• Record extracts

lemma
  assumes "(\<xi>, t) \<in> U"
  shows psi_div_phi_has_field_derivative:
      "((\<lambda>\<eta>. psi f (\<eta>, t) / phi f (\<eta>, t)) has_field_derivative pz (\<lambda>q. psi f q / phi f q) (\<xi>, t)) (at \<xi>)"
    and two_div_phi_has_field_derivative:
      "((\<lambda>\<eta>. 2 / phi f (\<eta>, t)) has_field_derivative pz (\<lambda>q. 2 / phi f q) (\<xi>, t)) (at \<xi>)"
proof -
  define S where "S = {\<eta>. (\<eta>, t) \<in> U}"
  have S: "open S" "\<xi> \<in> S" using open_slice_z[OF open_U] assms by (auto simp: S_def)
  have d: "(\<lambda>\<eta>. pz (pz f) (\<eta>, t)) field_differentiable (at \<xi>)"
    "(\<lambda>\<eta>. pz (pz (pz f)) (\<eta>, t)) field_differentiable (at \<xi>)"
    "(\<lambda>\<eta>. fzzu (\<eta>, t)) field_differentiable (at \<xi>)"
    using pz_funpow_has_field_derivative[OF assms, of 2] pz_funpow_has_field_derivative[OF assms, of 3]
      fzzu_field_differentiable[OF assms]
    by (auto simp: field_differentiable_def eval_nat_numeral)
  have nz: "pz (pz f) (\<xi>, t) \<noteq> 0" "pz (pz (pz f)) (\<xi>, t) \<noteq> 0"
    using assms pz2_nonzero pz3_nonzero by auto
  show "((\<lambda>\<eta>. psi f (\<eta>, t) / phi f (\<eta>, t)) has_field_derivative pz (\<lambda>q. psi f q / phi f q) (\<xi>, t)) (at \<xi>)"
    by (rule pz_has_field_derivative_cong[OF S, of _ _ "\<lambda>\<eta>. fzzu (\<eta>, t) / pz (pz (pz f)) (\<eta>, t)"])
       (use nz pz2_nonzero in \<open>auto simp: S_def psi_def phi_def pu_pz2_eq
         intro!: field_differentiable_divide d\<close>)
  show "((\<lambda>\<eta>. 2 / phi f (\<eta>, t)) has_field_derivative pz (\<lambda>q. 2 / phi f q) (\<xi>, t)) (at \<xi>)"
    by (rule pz_has_field_derivative_cong[OF S, of _ _ "\<lambda>\<eta>. 2 * pz (pz f) (\<eta>, t) / pz (pz (pz f)) (\<eta>, t)"])
       (use nz in \<open>auto simp: phi_def intro!: field_differentiable_divide field_differentiable_mult d
         field_differentiable_const\<close>)
qed

lemma rotated_pz2_has_field_derivative:
  assumes "((w + a) * rot (- lam) u, u) \<in> U"
  shows "((\<lambda>w. pz (pz f) ((w + a) * rot (- lam) u, u) * rot (- lam) u ^ 2) has_field_derivative
    pz (pz (pz f)) ((w + a) * rot (- lam) u, u) * rot (- lam) u ^ 3) (at w)"
proof -
  have "((\<lambda>w. pz (pz f) ((w + a) * rot (- lam) u, u)) has_field_derivative
      pz (pz (pz f)) ((w + a) * rot (- lam) u, u) * rot (- lam) u) (at w)"
    by (rule DERIV_chain2[of "\<lambda>\<xi>. pz (pz f) (\<xi>, u)" _ "\<lambda>w. (w + a) * rot (- lam) u",
          OF pz2_has_field_derivative[OF assms]])
       (auto intro!: derivative_eq_intros)
  from DERIV_cmult_right[OF this, of "rot (- lam) u ^ 2"] show ?thesis
    by (simp add: power2_eq_square power3_eq_cube mult.assoc)
qed

lemma normal_form_on_slice:
  assumes "convex W"
    and F1: "\<And>w. w \<in> W \<Longrightarrow> (F has_field_derivative F1 w) (at w)"
    and G: "\<And>w. w \<in> W \<Longrightarrow> (F1 has_field_derivative G w) (at w)"
    and profile: "\<And>\<xi>. \<xi> * E - b \<in> W \<Longrightarrow> (\<xi>, t) \<in> U \<and> pz (pz f) (\<xi>, t) = G (\<xi> * E - b) * E ^ 2"
    and "z0 * E - b \<in> W" "z * E - b \<in> W"
  shows "f (z, t) = F (z * E - b) + (pz f (z0, t) - F1 (z0 * E - b) * E) * z
    + (f (z0, t) - F (z0 * E - b) - (pz f (z0, t) - F1 (z0 * E - b) * E) * z0)"
proof -
  define S where "S = {\<xi>. \<xi> * E - b \<in> W}"
  define K where "K = (\<lambda>\<xi>. f (\<xi>, t) - F (\<xi> * E - b))"
  define K1 where "K1 = (\<lambda>\<xi>. pz f (\<xi>, t) - F1 (\<xi> * E - b) * E)"
  have comp: "((\<lambda>\<xi>. H (\<xi> * E - b)) has_field_derivative H' (\<xi> * E - b) * E) (at \<xi>)"
    if "\<xi> \<in> S" "\<And>w. w \<in> W \<Longrightarrow> (H has_field_derivative H' w) (at w)" for \<xi> H H'
    using that by (intro DERIV_chain2[of H]) (auto simp: S_def intro!: derivative_eq_intros)
  have "(K has_field_derivative K1 \<xi>) (at \<xi>)" if "\<xi> \<in> S" for \<xi>
    unfolding K_def K1_def
    by (intro DERIV_diff pz0_has_field_derivative comp[OF that F1]) (use profile that in \<open>auto simp: S_def\<close>)
  moreover have "(K1 has_field_derivative 0) (at \<xi>)" if "\<xi> \<in> S" for \<xi>
  proof -
    have "(K1 has_field_derivative pz (pz f) (\<xi>, t) - G (\<xi> * E - b) * E * E) (at \<xi>)"
      unfolding K1_def
      by (intro DERIV_diff DERIV_cmult_right pz1_has_field_derivative comp[OF that G])
         (use profile that in \<open>auto simp: S_def\<close>)
    with profile that show ?thesis by (simp add: S_def power2_eq_square mult.assoc)
  qed
  ultimately have "K z = K z0 + K1 z0 * (z - z0)"
    by (rule affine_if_second_derivative_zero[OF convex_affine_vimage[OF assms(1)], folded S_def])
       (use assms(5,6) in \<open>auto simp: S_def\<close>)
  then show ?thesis by (simp add: K_def K1_def algebra_simps)
qed

lemma C_infinity_on_normal_form_coeffs:
  assumes "open J" "J \<subseteq> {t. (z0, t) \<in> U}" "C_infinity_on J h" "open W" "F holomorphic_on W"
    and in_W: "\<And>t. t \<in> J \<Longrightarrow> z0 * rot lam t - h t \<in> W"
  shows "C_infinity_on J (\<lambda>t. pz f (z0, t) - deriv F (z0 * rot lam t - h t) * rot lam t)"
    and "C_infinity_on J (\<lambda>t. f (z0, t) - F (z0 * rot lam t - h t)
      - (pz f (z0, t) - deriv F (z0 * rot lam t - h t) * rot lam t) * z0)"
proof -
  have \<gamma>: "C_infinity_on J (\<lambda>t. z0 * rot lam t - h t)"
    by (intro C_infinity_on_diff C_infinity_on_mult C_infinity_on_const C_infinity_on_cis assms(3))
  have slice: "C_infinity_on J (\<lambda>t. (pz ^^ k) f (z0, t))" for k
    using C_infinity_on_subset[OF C_infinity_on_slice_pz_funpow assms(2)] .
  show A1: "C_infinity_on J (\<lambda>t. pz f (z0, t) - deriv F (z0 * rot lam t - h t) * rot lam t)"
    using slice[of 1]
    by (intro C_infinity_on_diff C_infinity_on_mult C_infinity_on_cis
        C_infinity_on_holomorphic_comp[OF \<gamma> assms(4) in_W holomorphic_deriv[OF assms(5,4)]]) simp_all
  show "C_infinity_on J (\<lambda>t. f (z0, t) - F (z0 * rot lam t - h t)
      - (pz f (z0, t) - deriv F (z0 * rot lam t - h t) * rot lam t) * z0)"
    using slice[of 0]
    by (intro C_infinity_on_diff C_infinity_on_mult C_infinity_on_const A1
        C_infinity_on_holomorphic_comp[OF \<gamma> assms(4) in_W assms(5)]) simp_all
qed

lemma normal_form_from_profile:
  assumes "open J" "C_infinity_on J h" "open W" "convex W" "G holomorphic_on W" "\<forall>w\<in>W. deriv G w \<noteq> 0"
    and profile: "\<And>\<xi> t. t \<in> J \<Longrightarrow> \<xi> * rot lam t - h t \<in> W \<Longrightarrow>
      (\<xi>, t) \<in> U \<and> pz (pz f) (\<xi>, t) = G (\<xi> * rot lam t - h t) * rot lam t ^ 2"
    and z0: "\<And>t. t \<in> J \<Longrightarrow> z0 * rot lam t - h t \<in> W"
  obtains F A1 A0 where "F holomorphic_on W" "\<forall>w\<in>W. (deriv ^^ 3) F w \<noteq> 0"
    "C_infinity_on J A1" "C_infinity_on J A0"
    "\<And>\<xi> t. t \<in> J \<Longrightarrow> \<xi> * rot lam t - h t \<in> W \<Longrightarrow> f (\<xi>, t) = F (\<xi> * rot lam t - h t) + A1 t * \<xi> + A0 t"
proof -
  obtain F F1 where F: "\<And>w. w \<in> W \<Longrightarrow> (F has_field_derivative F1 w) (at w)"
    and F1: "\<And>w. w \<in> W \<Longrightarrow> (F1 has_field_derivative G w) (at w)"
    using holomorphic_second_primitive[OF assms(4,3,5)] by blast
  have hol: "F holomorphic_on W" using F holomorphic_on_open[OF assms(3)] by blast
  have deriv_F: "deriv F w = F1 w" if "w \<in> W" for w
    using F[OF that] by (rule DERIV_imp_deriv)
  have deriv2_F: "deriv (deriv F) w = G w" if "w \<in> W" for w
  proof -
    have "deriv (deriv F) w = deriv F1 w"
      by (rule deriv_cong_ev[OF eventually_mono[OF eventually_nhds_in_open[OF assms(3) that]]])
         (auto simp: deriv_F)
    with F1[OF that] show ?thesis by (simp add: DERIV_imp_deriv)
  qed
  have "(deriv ^^ 3) F w = deriv G w" if "w \<in> W" for w
  proof -
    have "deriv (deriv (deriv F)) w = deriv G w"
      by (rule deriv_cong_ev[OF eventually_mono[OF eventually_nhds_in_open[OF assms(3) that]]])
         (auto simp: deriv2_F)
    then show ?thesis by (simp add: eval_nat_numeral)
  qed
  with assms(6) have nz: "\<forall>w\<in>W. (deriv ^^ 3) F w \<noteq> 0" by simp
  define A1 where "A1 = (\<lambda>t. pz f (z0, t) - deriv F (z0 * rot lam t - h t) * rot lam t)"
  define A0 where "A0 = (\<lambda>t. f (z0, t) - F (z0 * rot lam t - h t) - A1 t * z0)"
  have J_slice: "J \<subseteq> {t. (z0, t) \<in> U}" using profile z0 by blast
  have coeffs: "C_infinity_on J A1" "C_infinity_on J A0"
    using C_infinity_on_normal_form_coeffs[OF assms(1) J_slice assms(2,3) hol z0]
    unfolding A1_def A0_def by blast+
  have rep: "f (\<xi>, t) = F (\<xi> * rot lam t - h t) + A1 t * \<xi> + A0 t"
    if "t \<in> J" "\<xi> * rot lam t - h t \<in> W" for \<xi> t
    using normal_form_on_slice[OF assms(4) F F1 profile[OF that(1)] z0[OF that(1)] that(2)]
      deriv_F[OF z0[OF that(1)]]
    by (simp add: A1_def A0_def algebra_simps)
  from that[OF hol nz coeffs rep] show ?thesis .
qed

end

locale pde_solution = regular_family +
  fixes lam :: real
  assumes pde: "\<forall>p\<in>U. pz (\<lambda>q. psi f q / phi f q) p = \<i> * complex_of_real lam * (pz (\<lambda>q. 2 / phi f q) p + 1)"
begin

text \<open>The equation says precisely that this coefficient does not depend on \<xi>.\<close>

definition transport_coeff :: "complex \<Rightarrow> real \<Rightarrow> complex" where
  "transport_coeff \<xi> t = (psi f (\<xi>, t) - 2 * \<i> * of_real lam) / phi f (\<xi>, t) - \<i> * of_real lam * \<xi>"

lemma transport_coeff_has_zero_derivative:
  assumes "(\<xi>, t) \<in> U"
  shows "((\<lambda>\<eta>. transport_coeff \<eta> t) has_field_derivative 0) (at \<xi>)"
proof -
  have eq: "(\<lambda>\<eta>. transport_coeff \<eta> t) = (\<lambda>\<eta>. psi f (\<eta>, t) / phi f (\<eta>, t)
      - \<i> * of_real lam * (2 / phi f (\<eta>, t)) - \<i> * of_real lam * \<eta>)"
    by (simp add: fun_eq_iff transport_coeff_def diff_divide_distrib)
  have "((\<lambda>\<eta>. psi f (\<eta>, t) / phi f (\<eta>, t) - \<i> * of_real lam * (2 / phi f (\<eta>, t))
      - \<i> * of_real lam * \<eta>) has_field_derivative
      pz (\<lambda>q. psi f q / phi f q) (\<xi>, t) - \<i> * of_real lam * pz (\<lambda>q. 2 / phi f q) (\<xi>, t)
      - \<i> * of_real lam * 1) (at \<xi>)"
    by (intro DERIV_diff DERIV_cmult DERIV_ident psi_div_phi_has_field_derivative
        two_div_phi_has_field_derivative assms)
  moreover have "pz (\<lambda>q. psi f q / phi f q) (\<xi>, t) = \<i> * of_real lam * (pz (\<lambda>q. 2 / phi f q) (\<xi>, t) + 1)"
    using pde assms by blast
  ultimately show ?thesis unfolding eq by (simp add: algebra_simps)
qed

lemma transport_coeff_eq:
  assumes "convex S" "S \<subseteq> {\<xi>. (\<xi>, t) \<in> U}" "\<xi> \<in> S" "\<eta> \<in> S"
  shows "transport_coeff \<xi> t = transport_coeff \<eta> t"
proof -
  have "((\<lambda>\<eta>. transport_coeff \<eta> t) has_field_derivative 0) (at \<zeta> within S)" if "\<zeta> \<in> S" for \<zeta>
  proof (rule has_field_derivative_at_within, rule transport_coeff_has_zero_derivative)
    show "(\<zeta>, t) \<in> U" using assms(2) that by auto
  qed
  from has_field_derivative_zero_constant[OF assms(1) this] assms(3,4) show ?thesis
    by (metis (no_types, lifting))
qed

lemma fzzu_transport_equation:
  assumes "(\<xi>, t) \<in> U"
  shows "fzzu (\<xi>, t) = 2 * \<i> * of_real lam * pz (pz f) (\<xi>, t)
    + (transport_coeff \<xi> t + \<i> * of_real lam * \<xi>) * pz (pz (pz f)) (\<xi>, t)"
  using pz2_nonzero[OF assms] pz3_nonzero[OF assms]
  by (simp add: transport_coeff_def psi_def phi_def pu_pz2_eq[OF assms] field_simps)

lemma C_infinity_on_transport_coeff: "C_infinity_on {t. (z, t) \<in> U} (transport_coeff z)"
proof (rule C_infinity_on_cong[OF _ open_slice_u[OF open_U]])
  show "C_infinity_on {t. (z, t) \<in> U} (\<lambda>t. (fzzu (z, t) / (pz ^^ 2) f (z, t) - 2 * \<i> * of_real lam)
      / ((pz ^^ 3) f (z, t) / (pz ^^ 2) f (z, t)) - \<i> * of_real lam * z)"
    using pz2_nonzero pz3_nonzero
    by (intro C_infinity_on_diff C_infinity_on_divide C_infinity_on_const C_infinity_on_slice_fzzu
        C_infinity_on_slice_pz_funpow) (auto simp: eval_nat_numeral)
qed (simp add: transport_coeff_def psi_def phi_def pu_pz2_eq eval_nat_numeral)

• Assignment
One stretch of the lines above is wanted, from the line that contains "fzzu_field_differentiable[OF assms]" through the line that contains "f) (\<eta>, t) /". Output it exactly.

• Task solution
      fzzu_field_differentiable[OF assms]
    by (auto simp: field_differentiable_def eval_nat_numeral)
  have nz: "pz (pz f) (\<xi>, t) \<noteq> 0" "pz (pz (pz f)) (\<xi>, t) \<noteq> 0"
    using assms pz2_nonzero pz3_nonzero by auto
  show "((\<lambda>\<eta>. psi f (\<eta>, t) / phi f (\<eta>, t)) has_field_derivative pz (\<lambda>q. psi f q / phi f q) (\<xi>, t)) (at \<xi>)"
    by (rule pz_has_field_derivative_cong[OF S, of _ _ "\<lambda>\<eta>. fzzu (\<eta>, t) / pz (pz (pz f)) (\<eta>, t)"])
       (use nz pz2_nonzero in \<open>auto simp: S_def psi_def phi_def pu_pz2_eq
         intro!: field_differentiable_divide d\<close>)
  show "((\<lambda>\<eta>. 2 / phi f (\<eta>, t)) has_field_derivative pz (\<lambda>q. 2 / phi f q) (\<xi>, t)) (at \<xi>)"
    by (rule pz_has_field_derivative_cong[OF S, of _ _ "\<lambda>\<eta>. 2 * pz (pz f) (\<eta>, t) / pz (pz (pz f)) (\<eta>, t)"])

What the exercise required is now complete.